After beating Kansas City and Chicago and tying Vancouver and Minnesota last week, the Islanders, age three, trailed the Rangers, age 48, by just two points in the Patrick Division race for second place behind Philadelphia. Overall, the Islanders owned the sixth-best record in the NHL, ranked a strong third in the goals-against column, led the league in penalty-killing statistics and—chuckle, chuckle-had lost two fewer games than the Rangers. Now, if the Islanders and the Rangers can maintain their relative positions ahead of the fourth-place Atlanta Flames during the last two weeks of the season, they may even be squaring off against one another in the opening round of the Stanley Cup playoffs. Despite their impressive record, the Islanders have been unable to defeat the Rangers in any of their four head-to-head confrontations this season, managing only a 1-1 tie at Madison Square Garden.

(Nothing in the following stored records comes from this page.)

lemma card_ge_if_admissible_connected:
  assumes grid: "D \<subseteq> {0..<N} \<times> {0..<N}" and big: "N < card D" and cc: "rel_connected R D"
    and edge: "\<And>x y. x \<in> D \<Longrightarrow> y \<in> D \<Longrightarrow> R x y \<Longrightarrow> admissible D N x y"
  shows "2 * N - 1 \<le> card D"
proof -
  consider "diag_corners D N" "antidiag_corners D N" | "\<not> antidiag_corners D N" | "\<not> diag_corners D N"
    by blast
  then show ?thesis
  proof cases
    case 1
    show ?thesis by (rule card_ge_if_all_corners[OF grid cc _ 1]) (use edge in blast)
  next
    case 2
    show ?thesis by (rule card_ge_if_no_antidiag_corners[OF grid big cc _ 2]) (use edge in blast)
  next
    case 3
    let ?D = "mirror N ` D"
    have "fst z < N" if "z \<in> D" for z using grid that by auto
    then have cc': "rel_connected (\<lambda>u v. R (mirror N u) (mirror N v)) ?D"
      by (intro rel_connected_image[OF cc]) (simp add: mirror_mirror)
    have "2 * N - 1 \<le> card ?D"
    proof (rule card_ge_if_no_antidiag_corners[OF mirror_image_grid[OF grid] _ cc'])
      show "N < card ?D" using big card_mirror_image[OF grid] by simp
      show "\<not> antidiag_corners ?D N"
        using 3 corners_mirror_image(2)[OF grid] by blast
      fix u v assume "u \<in> ?D" "v \<in> ?D" "R (mirror N u) (mirror N v)"
      then obtain x y where "x \<in> D" "y \<in> D" "u = mirror N x" "v = mirror N y" by blast
      with \<open>R (mirror N u) (mirror N v)\<close> show "admissible ?D N u v"
        using admissible_mirror[OF grid] edge \<open>\<And>z. z \<in> D \<Longrightarrow> fst z < N\<close> mirror_mirror by metis
    qed
    then show ?thesis using card_mirror_image[OF grid] by simp
  qed
qed

section \<open>Digits whose pieces meet\<close>

lemma extreme_coordinate:
  fixes t z :: real
  assumes "0 \<le> t" "t \<le> 1" "d < N" "z * real N = t + real d"
  shows "z = 0 \<Longrightarrow> d = 0 \<and> t = 0" and "z = 1 \<Longrightarrow> d = N - 1 \<and> t = 1"
proof -
  assume "z = 0"
  then show "d = 0 \<and> t = 0" using assms by simp
next
  assume "z = 1"
  then have "real N \<le> real d + 1" using assms by simp
  then have "d = N - 1" using assms(3) by linarith
  then show "d = N - 1 \<and> t = 1" using assms \<open>z = 1\<close> by (simp add: of_nat_diff)
qed

lemma digit_offset:
  fixes u v :: real
  assumes "0 \<le> u" "u \<le> 1" "0 \<le> v" "v \<le> 1" "u + real d = v + real d'"
  shows "d = d' \<or> (d' = Suc d \<and> u = 1 \<and> v = 0) \<or> (d = Suc d' \<and> u = 0 \<and> v = 1)"
proof -
  have "d' \<le> d + 1" "d \<le> d' + 1" using assms by linarith+
  then consider "d = d'" | "d' = Suc d" | "d = Suc d'" by linarith
  then show ?thesis using assms by cases auto
qed

context gsc
begin

lemma GSC_coordinates:
  assumes "(x, y) \<in> GSC N D"
  shows "0 \<le> x" "x \<le> 1" "0 \<le> y" "y \<le> 1"
  using assms GSC_subset_unit_square by (auto simp: unit_square_def)

lemma GSC_decompose:
  assumes "(x, y) \<in> GSC N D"
  obtains a b x' y' where "(a, b) \<in> D" "(x', y') \<in> GSC N D"
    "x * real N = x' + real a" "y * real N = y' + real b"
proof -
  obtain a b x' y' where "(a, b) \<in> D" "(x', y') \<in> GSC N D" "(x, y) = gsc_map N (a, b) (x', y')"
    using assms GSC_self_similar by fastforce
  with that show ?thesis using N_pos by (simp add: field_simps)
qed

lemma digit_range: "(a, b) \<in> D \<Longrightarrow> a < N \<and> b < N"
  using digits_grid by auto

lemma corner_digit:
  assumes "(real a, real b) \<in> GSC N D" "a \<le> 1" "b \<le> 1"
  shows "((N - 1) * a, (N - 1) * b) \<in> D"
proof -
  obtain c d x' y' where cd: "(c, d) \<in> D" "(x', y') \<in> GSC N D"
    "real a * real N = x' + real c" "real b * real N = y' + real d"
    using GSC_decompose[OF assms(1)] by blast
  have "e = (N - 1) * k" if "real k * real N = t + real e" "e < N" "0 \<le> t" "t \<le> 1" "k \<le> 1"
    for k e :: nat and t :: real
    using extreme_coordinate[OF that(3,4,2,1)] that(5) by (cases k) auto
  then show ?thesis using cd digit_range[OF cd(1)] GSC_coordinates[OF cd(2)] assms(2,3) by metis
qed

lemma diag_corners_if_GSC: "(0, 0) \<in> GSC N D \<Longrightarrow> (1, 1) \<in> GSC N D \<Longrightarrow> diag_corners D N"
  using corner_digit[of 0 0] corner_digit[of 1 1] by (simp add: diag_corners_def)

lemma antidiag_corners_if_GSC: "(1, 0) \<in> GSC N D \<Longrightarrow> (0, 1) \<in> GSC N D \<Longrightarrow> antidiag_corners D N"
  using corner_digit[of 1 0] corner_digit[of 0 1] by (simp add: antidiag_corners_def)

lemma hor_link_if_GSC:
  assumes "(0, y) \<in> GSC N D" "(1, y) \<in> GSC N D"
  shows "hor_link D N"
proof -
  obtain c d x0 y0 where l: "(c, d) \<in> D" "(x0, y0) \<in> GSC N D" "0 * real N = x0 + real c"
    "y * real N = y0 + real d"
    by (rule GSC_decompose[OF assms(1)])
  obtain c' d' x1 y1 where r: "(c', d') \<in> D" "(x1, y1) \<in> GSC N D" "1 * real N = x1 + real c'"
    "y * real N = y1 + real d'"
    by (rule GSC_decompose[OF assms(2)])
  have e: "c = 0" "x0 = 0" "c' = N - 1" "x1 = 1"
    using extreme_coordinate[of x0 c N 0] extreme_coordinate[of x1 c' N 1]
      l r GSC_coordinates[OF l(2)] GSC_coordinates[OF r(2)] digit_range[OF l(1)] digit_range[OF r(1)]
    by auto
  have "d = d' \<or> (d' = Suc d \<and> y0 = 1 \<and> y1 = 0) \<or> (d = Suc d' \<and> y0 = 0 \<and> y1 = 1)"
    using GSC_coordinates[OF l(2)] GSC_coordinates[OF r(2)] l(4) r(4) by (intro digit_offset) auto
  then show ?thesis
  proof (elim disjE conjE)
    assume "d = d'"
    then show ?thesis using l(1) r(1) e unfolding hor_link_def by (intro disjI1 exI[of _ d]) simp
  next
    assume "d' = Suc d" "y0 = 1" "y1 = 0"
    then have "antidiag_corners D N" using antidiag_corners_if_GSC l(2) r(2) e by simp
    then show ?thesis using l(1) r(1) e \<open>d' = Suc d\<close> unfolding hor_link_def by blast
  next
    assume "d = Suc d'" "y0 = 0" "y1 = 1"
    then have "diag_corners D N" using diag_corners_if_GSC l(2) r(2) e by simp
    then show ?thesis using l(1) r(1) e \<open>d = Suc d'\<close> unfolding hor_link_def by blast
  qed
qed

lemma ver_link_if_GSC:
  assumes "(x, 0) \<in> GSC N D" "(x, 1) \<in> GSC N D"
  shows "ver_link D N"
proof -
  obtain c d x0 y0 where l: "(c, d) \<in> D" "(x0, y0) \<in> GSC N D" "x * real N = x0 + real c"
    "0 * real N = y0 + real d"
    by (rule GSC_decompose[OF assms(1)])
  obtain c' d' x1 y1 where r: "(c', d') \<in> D" "(x1, y1) \<in> GSC N D" "x * real N = x1 + real c'"
    "1 * real N = y1 + real d'"
    by (rule GSC_decompose[OF assms(2)])
  have e: "d = 0" "y0 = 0" "d' = N - 1" "y1 = 1"
    using extreme_coordinate[of y0 d N 0] extreme_coordinate[of y1 d' N 1]
      l r GSC_coordinates[OF l(2)] GSC_coordinates[OF r(2)] digit_range[OF l(1)] digit_range[OF r(1)]
    by auto
  have "c = c' \<or> (c' = Suc c \<and> x0 = 1 \<and> x1 = 0) \<or> (c = Suc c' \<and> x0 = 0 \<and> x1 = 1)"
    using GSC_coordinates[OF l(2)] GSC_coordinates[OF r(2)] l(3) r(3) by (intro digit_offset) auto
  then show ?thesis
  proof (elim disjE conjE)
    assume "c = c'"
    then show ?thesis using l(1) r(1) e unfolding ver_link_def by (intro disjI1 exI[of _ c]) simp
  next
    assume "c' = Suc c" "x0 = 1" "x1 = 0"
    then have "antidiag_corners D N" using antidiag_corners_if_GSC l(2) r(2) e by simp
    then show ?thesis using l(1) r(1) e \<open>c' = Suc c\<close> unfolding ver_link_def by blast
  next
    assume "c = Suc c'" "x0 = 0" "x1 = 1"
    then have "diag_corners D N" using diag_corners_if_GSC l(2) r(2) e by simp
    then show ?thesis using l(1) r(1) e \<open>c = Suc c'\<close> unfolding ver_link_def by blast
  qed
qed

lemma admissible_if_pieces_meet:
  assumes "(a, b) \<in> D" "(a', b') \<in> D" "(a, b) \<noteq> (a', b')"
    and u: "(u1, u2) \<in> GSC N D" and v: "(v1, v2) \<in> GSC N D"
    and meet: "gsc_map N (a, b) (u1, u2) = gsc_map N (a', b') (v1, v2)"
  shows "admissible D N (a, b) (a', b')"
proof -
  have "u1 + real a = v1 + real a'" "u2 + real b = v2 + real b'"
    using meet N_pos by (simp_all add: divide_cancel_right)
  then have X: "a = a' \<or> (a' = Suc a \<and> u1 = 1 \<and> v1 = 0) \<or> (a = Suc a' \<and> u1 = 0 \<and> v1 = 1)"
    and Y: "b = b' \<or> (b' = Suc b \<and> u2 = 1 \<and> v2 = 0) \<or> (b = Suc b' \<and> u2 = 0 \<and> v2 = 1)"
    and eqs: "a = a' \<Longrightarrow> u1 = v1" "b = b' \<Longrightarrow> u2 = v2"
    using GSC_coordinates[OF u] GSC_coordinates[OF v] by (auto intro!: digit_offset)
  have "hor_link D N" if "b = b'" "a \<noteq> a'"
    using X eqs(2)[OF that(1)] that(2) hor_link_if_GSC u v by auto
  moreover have "ver_link D N" if "a = a'" "b \<noteq> b'"
    using Y eqs(1)[OF that(1)] that(2) ver_link_if_GSC u v by auto
  moreover have "diag_corners D N" if "a' = Suc a \<and> b' = Suc b \<or> a = Suc a' \<and> b = Suc b'"
    using that X Y diag_corners_if_GSC u v by auto
  moreover have "antidiag_corners D N" if "a' = Suc a \<and> b = Suc b' \<or> a = Suc a' \<and> b' = Suc b"
    using that X Y antidiag_corners_if_GSC u v by auto
  ultimately show ?thesis using X Y assms(3)
    unfolding admissible_def hor_adj_def ver_adj_def diag_adj_def antidiag_adj_def by auto
qed

lemma gsc_map_GSC_subset: "i \<in> D \<Longrightarrow> gsc_map N i ` GSC N D \<subseteq> GSC N D"
  by (subst (2) GSC_self_similar) blast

"We know we're better than the Rangers," says Potvin. "We're younger, stronger and better. For some reason, though, we have too much respect for them. We treat them like gods. I guess we really have a bit of an inferiority complex, probably because we believe too much of what we hear and read about them."

Around Madison Square Garden the sudden success of the Islanders has prompted even the most diehard Ranger sufferers to question the managerial widsom of Ranger Coach and General Manager Emile Francis, whose team has not won anything in almost 35 years. It is bad enough that Dr. J and the New York Nets, who share the Nassau Coliseum with Potvin and the Islanders, probably would destroy the Knicks in a basketball game. Now this?

As always, the Rangers have a long list of excuses to explain their predicament. Injuries, of course. So far the Rangers have lost 240 man-games because of 22 different injuries, including a back fusion, two broken legs, two broken ankles, one cracked hip socket, nine separate knee disabilities and wounded pride. In fact, only two Rangers, Steve Vickers and Bill Fairbairn, have played in every game. The Rangers also moan that bad calls by the referees have cost them a few defeats. And now there is a new complaint: bad ice at Madison Square Garden. For sure, the Garden skating surface over the years has earned a reputation as the worst in major league hockey—soft and too deeply rutted to lend itself to smooth skating or crisp passing. However, as Buffalo's Richard Martin said after the Sabres whipped the Rangers at the Garden, "The ice is the same for both clubs, isn't it?"

Valid or not, excuses are only good on a season-to-season basis. What bothers the expense-account crowd at the Garden most of all is that the Islanders seem to have a roster loaded with promising young players such as Potvin, Billy Harris, Clark Gillies, Bob Nystrom, Dave Lewis, Andre St. Laurent and Bob Bourne, while onetime promising young Rangers are playing for Pittsburgh (Syl Apps Jr.), or Los Angeles (Mike Murphy and Tommy Williams), or Philadelphia (Moose Dupont), or Atlanta (Curt Bennett) or Buffalo (Don Luce). "I'm afraid that Francis traded the wrong guys," says one traded Ranger. "He should have kept the guys he traded and traded the guys he kept. Wait and see, the Islanders will win the Cup before the Rangers."